Olive oil importers eye Eastern opportunities
A common problem with a big pie is where to take the first bite. Dani Jimenez, chief executive officer of Qualia Products Shanghai Co, the Spanish olive oil company's China division, was looking for ways to tap into the country's huge market.
Jimenez arrived in China six months ago and set up the China division in Shanghai, which is the first overseas office for the company. Small though it is (with annual sales of about $5 million), the company is targeting the high-end market.
Jimenez intended to sell his oil to fancy restaurants and in luxury shopping malls in China, and "not in the supermarkets", he stressed, because its top quality will require a price higher than the market average.
But it may well take some time before the Chinese people start regarding olive oil as something both familiar and luxurious, just as they did with good wine and perfume. And Jimenez knows that. "I believe the Chinese people will learn to use olive oil and get used to our products," he said.
Chinese customs data seemed to bear out this optimism. In 2011, olive oil imports to China reached 32,000 tons, with an annual year-on-year increase exceeding 60 percent over the past 12 years, according to the data
The country is expected to become a major olive oil consumer by 2015, when its annual imports are estimated to jump to 160,000 tons, or 5.3 percent of the world's total production, industry reports showed.
China's annual domestic olive oil production volume stood at less than 100,000 tons in recent years. But because of a lack of advanced technology in olive cultivation and processing, it is of a lower quality than imported products, industry analysts said.
"The imported olive oil was well recognized by Chinese customers, especially in big, wealthy cities. Its sales in China are expected to continue rising in the future," said Ma Wenfeng, a senior analyst at Beijing Orient Agribusiness Consultant Ltd, one of the largest consultancies in the industry.
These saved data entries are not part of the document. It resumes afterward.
(* Let $j\ge1$ and $s\ge0$ be integers and let $g=g_{j,s,1}$ be the sequence defined in the context (case $\lambda=1$). Then $g$ is non-decreasing, $g(n)\equiv 1 \pmod j$ for all $n\ge1$, and its frequency function $\phi(q)=\#\{n\ge1: g(n)=q\}$ satisfies, for every positive integer $q$, \[ \phi(q)=\begin{cases} q+s, & q\equiv 1 \pmod j,\\ 0, & \text{otherwise.}\end{cases} \] Equivalently, $g$ is the sequence $1^{s+1},(j+1)^{s+j+1},(2j+1)^{s+2j+1},\dots$, where $a^{b}$ denotes the value $a$ repeated $b$ times.
   Context: Fix integers $j\ge1$, $\lambda\ge1$, $s\ge0$. Define a labeled infinite rooted tree $\mathcal K$ as follows. It has "supernodes" $S_0,S_1,S_2,\dots$ with an edge between $S_i$ and $S_{i+1}$ for every $i\ge0$ ($S_0$ is the root). $S_0$ has two further children: the "initial leaf" and a node $N_0$, which is a leaf. For each $i\ge1$, $S_i$ has a child $N_i$ (the "knot node"), and attached to $N_i$ are $\lambda$ chains, each a path of $i\cdot j$ nodes hanging from $N_i$; the last (bottom) node of each chain is a leaf. Each supernode carries $s$ labels and every other node carries exactly one label. The labels are the consecutive positive integers $1,2,3,\dots$, assigned in the following order: initial leaf, $S_0$, $N_0$; then for $i=1,2,3,\dots$: $S_i$ (its $s$ labels), $N_i$, then the nodes of the first chain of $N_i$ from top to bottom, then the second chain, ..., then the $\lambda$-th chain. The initial leaf has weight $1$; every other leaf of $\mathcal K$ (namely $N_0$ and the bottom node of each chain) has weight $j$. The leaf weight sequence $w(n)=w_{j,s,\lambda}(n)$ ($n\ge1$) is the total weight of the leaves of $\mathcal K$ whose label is $\le n$. Explicitly, $w(n)=1+j\cdot\#\{\ell\in L:\ell\le n\}$, where $L$ consists of the number $s+2$ together with the numbers $L_{i,c}=s+2+\sum_{l=1}^{i-1}(s+1+\lambda l j)+s+1+c\,i\,j$ for $i\ge1$, $1\le c\le\lambda$. The sequence $g_{j,s,\lambda}$ is defined by $g_{j,s,\lambda}(n)=w_{j,s,\lambda}(n)$ for $1\le n\le 3+2s+\lambda j$ and $g_{j,s,\lambda}(n)=g_{j,s,\lambda}(n-s-g_{j,s,\lambda}(n-j))+\lambda j$ for $n>3+2s+\lambda j$ (this is well defined). In the case $\lambda=1$, $L=\{p_m: m\ge0\}$ with $p_m=1+\sum_{i=0}^{m}(s+ij+1)$. *)

theory Defs
  imports Main
begin

definition Lval :: "nat \<Rightarrow> nat \<Rightarrow> nat \<Rightarrow> nat \<Rightarrow> nat \<Rightarrow> nat" where
  "Lval j s lam i c = s + 2 + (\<Sum>l=1..<i. s + 1 + lam * l * j) + s + 1 + c * i * j"

definition Lset :: "nat \<Rightarrow> nat \<Rightarrow> nat \<Rightarrow> nat set" where
  "Lset j s lam = {s + 2} \<union> {Lval j s lam i c | i c. 1 \<le> i \<and> 1 \<le> c \<and> c \<le> lam}"

definition wseq :: "nat \<Rightarrow> nat \<Rightarrow> nat \<Rightarrow> nat \<Rightarrow> nat" where
  "wseq j s lam n = 1 + j * card {l \<in> Lset j s lam. l \<le> n}"

text \<open>Since the recurrence is well defined (all referenced indices lie in 1..n-1),
  this determines g uniquely on n >= 1.\<close>
definition is_g :: "nat \<Rightarrow> nat \<Rightarrow> nat \<Rightarrow> (nat \<Rightarrow> nat) \<Rightarrow> bool" where
  "is_g j s lam g \<longleftrightarrow>
     (\<forall>n. 1 \<le> n \<and> n \<le> 3 + 2*s + lam*j \<longrightarrow> g n = wseq j s lam n) \<and>
     (\<forall>n. n > 3 + 2*s + lam*j \<longrightarrow> g n = g (n - s - g (n - j)) + lam * j)"

end

theory Submission
  imports Defs
begin

(* Write b(0) = 1 and b(c+1) = b(c) + s + c*j + 1.  For lambda = 1 the leaf labels
   of the tree K are exactly the numbers b(c) with c >= 1 (the leaf N_0 has label b(1) = s + 2,
   the bottom of the single chain of N_i has label b(i+1)).  Hence the leaf weight sequence w is
   constant equal to 1 + c*j on the "block" [b(c), b(c+1)), which has length s + c*j + 1.

   It then checks that w itself obeys
   the nested recurrence w(n) = w(n - s - w(n - j)) + j beyond the initial segment, with every
   referenced index lying in [1, n).  A general uniqueness lemma for nested recurrences of this
   shape then shows g = w on the positive integers, and the three claims of the theorem
   (monotonicity, g(n) = 1 mod j, frequency q + s of each value q = 1 mod j) are read off from
   the block description of w. *)

fun block_start :: "nat \<Rightarrow> nat \<Rightarrow> nat \<Rightarrow> nat" where
  "block_start j s 0 = 1"
| "block_start j s (Suc c) = block_start j s c + s + c * j + 1"

text \<open>Blocks are non-empty, so their starts increase strictly; in particular they are \<open>\<ge> 1\<close>
  and eventually exceed every \<open>n\<close>.\<close>
lemma block_start_strict_mono: "strict_mono (block_start j s)"
  by (rule strict_mono_Suc_iff[THEN iffD2]) simp

lemma block_start_pos: "1 \<le> block_start j s c"
  by (induction c) auto

lemma block_start_ge: "c \<le> block_start j s c"
  by (induction c) auto

lemma leaf_label_block_start:
  assumes "1 \<le> i"
  shows "Lval j s 1 i 1 = block_start j s (Suc i)"
proof -
  have partial_sum: "s + 2 + (\<Sum>l=1..<Suc k. s + 1 + 1 * l * j) = block_start j s (Suc k)" for k
    by (induction k) simp_all
  obtain k where "i = Suc k" using assms not0_implies_Suc by fastforce
  then show ?thesis using partial_sum[of k] unfolding Lval_def by simp
qed

lemma leaf_iff_block_start: "l \<in> Lset j s 1 \<longleftrightarrow> (\<exists>c\<ge>1. l = block_start j s c)"
proof -
  have start: "block_start j s (Suc 0) = s + 2" by simp
  have "l \<in> Lset j s 1 \<longleftrightarrow> l = s + 2 \<or> (\<exists>i\<ge>1. l = Lval j s 1 i 1)"
    unfolding Lset_def by (auto simp: le_antisym)
  also have "\<dots> \<longleftrightarrow> l = block_start j s (Suc 0) \<or> (\<exists>i\<ge>1. l = block_start j s (Suc i))"
    using leaf_label_block_start[of _ j s] start by (auto simp del: block_start.simps)
  also have "\<dots> \<longleftrightarrow> (\<exists>i. l = block_start j s (Suc i))"
    using not_less_eq_eq by (auto simp del: block_start.simps)
  also have "\<dots> \<longleftrightarrow> (\<exists>c\<ge>1. l = block_start j s c)"
    using Suc_le_D by (auto simp del: block_start.simps)
  finally show ?thesis .
qed

lemma wseq_block_count: "wseq j s 1 n = 1 + j * card {c. 1 \<le> c \<and> block_start j s c \<le> n}"
proof -
  have "{l \<in> Lset j s 1. l \<le> n} = block_start j s ` {c. 1 \<le> c \<and> block_start j s c \<le> n}"
    using leaf_iff_block_start by auto
  moreover have "inj (block_start j s)"
    using block_start_strict_mono strict_mono_imp_inj_on by blast
  ultimately show ?thesis unfolding wseq_def by (simp add: card_image inj_on_subset)
qed

lemma block_start_le_iff:
  assumes "block_start j s c \<le> n" "n < block_start j s (Suc c)"
  shows "block_start j s c' \<le> n \<longleftrightarrow> c' \<le> c"
proof
  assume "block_start j s c' \<le> n"
  then have "block_start j s c' < block_start j s (Suc c)" using assms(2) by (rule le_less_trans)
  then show "c' \<le> c" using block_start_strict_mono[of j s] strict_mono_less less_Suc_eq_le by blast
next
  assume "c' \<le> c"
  then show "block_start j s c' \<le> n"
    using assms(1) block_start_strict_mono[of j s] strict_mono_less_eq order_trans by blast
qed

lemma wseq_on_block:
  assumes "block_start j s c \<le> n" "n < block_start j s (Suc c)"
  shows "wseq j s 1 n = 1 + c * j"
proof -
  have "{c'. 1 \<le> c' \<and> block_start j s c' \<le> n} = {1..c}"
    by (simp only: block_start_le_iff[OF assms] atLeastAtMost_def atLeast_def atMost_def
        Collect_conj_eq)
  then show ?thesis unfolding wseq_block_count by simp
qed

lemma block_exists:
  assumes "1 \<le> n"
  shows "\<exists>c. block_start j s c \<le> n \<and> n < block_start j s (Suc c)"
proof -
  have "n < block_start j s (Suc n)" using block_start_ge Suc_le_lessD by blast
  moreover have "\<not> n < block_start j s 0" using assms by simp
  ultimately obtain c where "\<not> n < block_start j s c" "n < block_start j s (Suc c)"
    using ex_least_nat_less[of "\<lambda>c. n < block_start j s c"] by blast
  then show ?thesis by (intro exI[of _ c]) simp
qed

text \<open>Whether \<open>n - j\<close> is still in block \<open>c\<close> or already in
  block \<open>c - 1\<close>, the shift \<open>s + w(n - j)\<close> moves \<open>n\<close> exactly one block down.\<close>
lemma recursion_target:
  assumes c: "2 \<le> c"
    and n: "block_start j s c \<le> n" "n < block_start j s (Suc c)"
  shows "block_start j s (c - 1) \<le> n - s - wseq j s 1 (n - j)
       \<and> n - s - wseq j s 1 (n - j) < block_start j s c"
proof -
  obtain k where k: "c = Suc (Suc k)" using c by (metis add_2_eq_Suc le_Suc_ex)
  define b0 b1 where "b0 = block_start j s (c - 1)" and "b1 = block_start j s c"
  have b1: "b1 = b0 + s + j + k * j + 1"
    and n': "b1 \<le> n" "n < b1 + s + j + j + k * j + 1"
    using n unfolding b0_def b1_def k by simp_all
  have cj: "c * j = j + j + k * j" "(c - 1) * j = j + k * j" unfolding k by simp_all
  define W where "W = wseq j s 1 (n - j)"
  have "W = 1 + c * j \<and> b1 + j \<le> n \<or> W = 1 + (c - 1) * j \<and> n < b1 + j"
  proof (cases "b1 \<le> n - j")
    case True
    then have "W = 1 + c * j"
      using n unfolding W_def by (intro wseq_on_block) (simp_all add: b1_def)
    then show ?thesis using True b1 by linarith
  next
    case False
    then have "W = 1 + (c - 1) * j"
      using n' b1 k unfolding W_def by (intro wseq_on_block) (simp_all add: b0_def b1_def)
    then show ?thesis using False by linarith
  qed
  then have "b0 \<le> n - s - W" and "n - s - W < b1"
    using n' b1 cj by auto
  then show ?thesis unfolding b0_def b1_def W_def by simp
qed

lemma wseq_recurrence:
  assumes "block_start j s 2 \<le> n"
  shows "wseq j s 1 n = wseq j s 1 (n - s - wseq j s 1 (n - j)) + j"
    and "1 \<le> n - s - wseq j s 1 (n - j) \<and> n - s - wseq j s 1 (n - j) < n"
proof -
  have "1 \<le> n" using assms block_start_ge[of 2 j s] by linarith
  then obtain c where n: "block_start j s c \<le> n" "n < block_start j s (Suc c)"
    using block_exists by blast
  have "2 \<le> c"
  proof (rule ccontr)
    assume "\<not> 2 \<le> c"
    then have "Suc c \<le> 2" by simp
    then have "block_start j s (Suc c) \<le> block_start j s 2"
      by (simp only: strict_mono_less_eq[OF block_start_strict_mono])
    then show False using assms n(2) by linarith
  qed
  then obtain c' where c': "c = Suc c'" "1 \<le> c'" by (cases c) auto
  define m where "m = n - s - wseq j s 1 (n - j)"
  have m: "block_start j s c' \<le> m" "m < block_start j s (Suc c')"
    using recursion_target[OF \<open>2 \<le> c\<close> n] unfolding m_def c'
    by (simp_all del: block_start.simps)
  have "wseq j s 1 n = 1 + Suc c' * j" using wseq_on_block[OF n] c'(1) by simp
  also have "\<dots> = wseq j s 1 m + j" using wseq_on_block[OF m] by simp
  finally show "wseq j s 1 n = wseq j s 1 m + j" .
  have "block_start j s (Suc c') \<le> n" using n(1) c'(1) by simp
  then show "1 \<le> m \<and> m < n" using m block_start_pos[of j s c'] by linarith
qed

lemma nested_recurrence_unique:
  fixes g w :: "nat \<Rightarrow> nat"
  assumes j: "1 \<le> j" "j \<le> N"
    and init: "\<And>n. 1 \<le> n \<Longrightarrow> n \<le> N \<Longrightarrow> g n = w n"
    and rec_g: "\<And>n. N < n \<Longrightarrow> g n = g (n - a - g (n - j)) + d"
    and rec_w: "\<And>n. N < n \<Longrightarrow> w n = w (n - a - w (n - j)) + d"
    and refs: "\<And>n. N < n \<Longrightarrow> 1 \<le> n - a - w (n - j) \<and> n - a - w (n - j) < n"
  shows "1 \<le> n \<Longrightarrow> g n = w n"
proof (induction n rule: less_induct)
  case (less n)
  show ?case
  proof (cases "n \<le> N")
    case True
    then show ?thesis using init less.prems by blast
  next
    case False
    then have "N < n" by simp
    have "g (n - j) = w (n - j)" using less.IH[of "n - j"] j \<open>N < n\<close> by simp
    then have "g n = g (n - a - w (n - j)) + d" using rec_g[OF \<open>N < n\<close>] by simp
    also have "\<dots> = w (n - a - w (n - j)) + d" using less.IH refs[OF \<open>N < n\<close>] by simp
    also have "\<dots> = w n" using rec_w[OF \<open>N < n\<close>] by simp
    finally show ?thesis .
  qed
qed

lemma is_g_eq_wseq:
  assumes "1 \<le> j" and "is_g j s 1 g" and "1 \<le> n"
  shows "g n = wseq j s 1 n"
proof -
  define N where "N = 3 + 2 * s + j"
  have init: "\<And>n. 1 \<le> n \<Longrightarrow> n \<le> N \<Longrightarrow> g n = wseq j s 1 n"
    and rec_g: "\<And>n. N < n \<Longrightarrow> g n = g (n - s - g (n - j)) + j"
    using assms(2) unfolding is_g_def N_def mult_1 by blast+
  have start2: "block_start j s 2 = N" by (simp add: N_def eval_nat_numeral)
  have rec_w: "wseq j s 1 n = wseq j s 1 (n - s - wseq j s 1 (n - j)) + j"
    and refs: "1 \<le> n - s - wseq j s 1 (n - j) \<and> n - s - wseq j s 1 (n - j) < n" if "N < n" for n
  proof -
    have "block_start j s 2 \<le> n" using that start2 by simp
    then show "wseq j s 1 n = wseq j s 1 (n - s - wseq j s 1 (n - j)) + j"
      and "1 \<le> n - s - wseq j s 1 (n - j) \<and> n - s - wseq j s 1 (n - j) < n"
      by (rule wseq_recurrence)+
  qed
  have "j \<le> N" by (simp add: N_def)
  then show ?thesis
    using nested_recurrence_unique[OF assms(1) _ init rec_g rec_w refs] assms(3) by blast
qed

lemma wseq_mono:
  assumes "m \<le> n"
  shows "wseq j s lam m \<le> wseq j s lam n"
proof -
  have "card {l \<in> Lset j s lam. l \<le> m} \<le> card {l \<in> Lset j s lam. l \<le> n}"
    using assms by (intro card_mono) (auto intro: finite_subset[of _ "{..n}"])
  then show ?thesis unfolding wseq_def by simp
qed

lemma wseq_mod: "wseq j s lam n mod j = 1 mod j"
  unfolding wseq_def by (rule mod_mult_self2)

lemma wseq_level_set:
  assumes "1 \<le> j"
  shows "{n. 1 \<le> n \<and> wseq j s 1 n = 1 + c * j} = {block_start j s c..<block_start j s (Suc c)}"
proof (rule set_eqI)
  fix n
  have "1 \<le> block_start j s c" by (rule block_start_pos)
  moreover have "n \<in> {block_start j s c..<block_start j s (Suc c)}" if "1 \<le> n" "wseq j s 1 n = 1 + c * j"
  proof -
    obtain c' where c': "block_start j s c' \<le> n" "n < block_start j s (Suc c')"
      using block_exists \<open>1 \<le> n\<close> by blast
    then have "c' = c" using wseq_on_block[OF c'] that assms by simp
    then show ?thesis using c' by simp
  qed
  ultimately show "n \<in> {n. 1 \<le> n \<and> wseq j s 1 n = 1 + c * j}
      \<longleftrightarrow> n \<in> {block_start j s c..<block_start j s (Suc c)}"
    using wseq_on_block by fastforce
qed

lemma wseq_frequency:
  assumes "1 \<le> j" "1 \<le> q"
  shows "finite {n. 1 \<le> n \<and> wseq j s 1 n = q}
       \<and> card {n. 1 \<le> n \<and> wseq j s 1 n = q} = (if q mod j = 1 mod j then q + s else 0)"
proof (cases "q mod j = 1 mod j")
  case True
  then have "j dvd q - 1" using assms(2) mod_eq_dvd_iff_nat by blast
  then obtain c where q: "q = 1 + c * j" using assms(2) by (metis dvd_def le_add_diff_inverse mult.commute)
  show ?thesis using True wseq_level_set[OF assms(1), of s c] unfolding q by simp
next
  case False
  then have no_n: "{n. 1 \<le> n \<and> wseq j s 1 n = q} = {}" using wseq_mod by auto
  show ?thesis unfolding no_n using False by simp
qed

theorem theorem4p1:
  fixes j s :: nat and g :: "nat \<Rightarrow> nat"
  assumes "j \<ge> 1"
    and "is_g j s 1 g"
  shows "(\<forall>m n. 1 \<le> m \<and> m \<le> n \<longrightarrow> g m \<le> g n)
       \<and> (\<forall>n\<ge>1. g n mod j = 1 mod j)
       \<and> (\<forall>q\<ge>1. finite {n. n \<ge> 1 \<and> g n = q} \<and>
             card {n. n \<ge> 1 \<and> g n = q} = (if q mod j = 1 mod j then q + s else 0))"
proof -
  have g_w: "g n = wseq j s 1 n" if "1 \<le> n" for n
    using is_g_eq_wseq[OF assms that] .
  have "{n. n \<ge> 1 \<and> g n = q} = {n. 1 \<le> n \<and> wseq j s 1 n = q}" for q
    using g_w by auto
  then show ?thesis
    using g_w wseq_mono wseq_mod wseq_frequency[OF assms(1)] by (simp add: order_trans[of 1])
qed

end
Good market acceptance has paved the way for companies from other southern European countries to come to the burgeoning market, which became all the more attractive as the debt crisis in Europe and weak economic recovery in the United States tightened people's purse strings.
On his first business trip to China, Nikos Tomadakis, at the sales department of the Greek company Iason Foods, said the company (with products ranging from oil to soaps) has a broad strategy for business expansion to other Asian markets, including Japan and South Korea - and China can serve as the start pointing.
"Japan is a mature market for olive products but we would like to start with China," he said.
Yet before deploying a comprehensive cross-border sales web, the multi-stratum market in China alone will require some thoroughness of approach. Imported olive oil has so far been mainly sold in large first-tier cities such as Beijing, Shanghai and Guangzhou. Potential buyers in some wealthy second-tier cities are still in need of access to these kind of products, which represents enormous business possibilities for companies. "We are looking for business partners, particularly in China's inland provinces," Tomadakis said.
China's ballooning appetite behind the emerging middle class has been detected by domestic trading companies with years of experience in the market. They have changed their business strategy accordingly.
"We used to export products made in China because of the low labor and material costs," said Chris Christopoulos, brand manager with Demi Trading Co, a Chinese company based in South China's Guangdong province.
The company started importing oil products into China two years ago and sales doubled over this period. "We have great confidence in China's market," he added.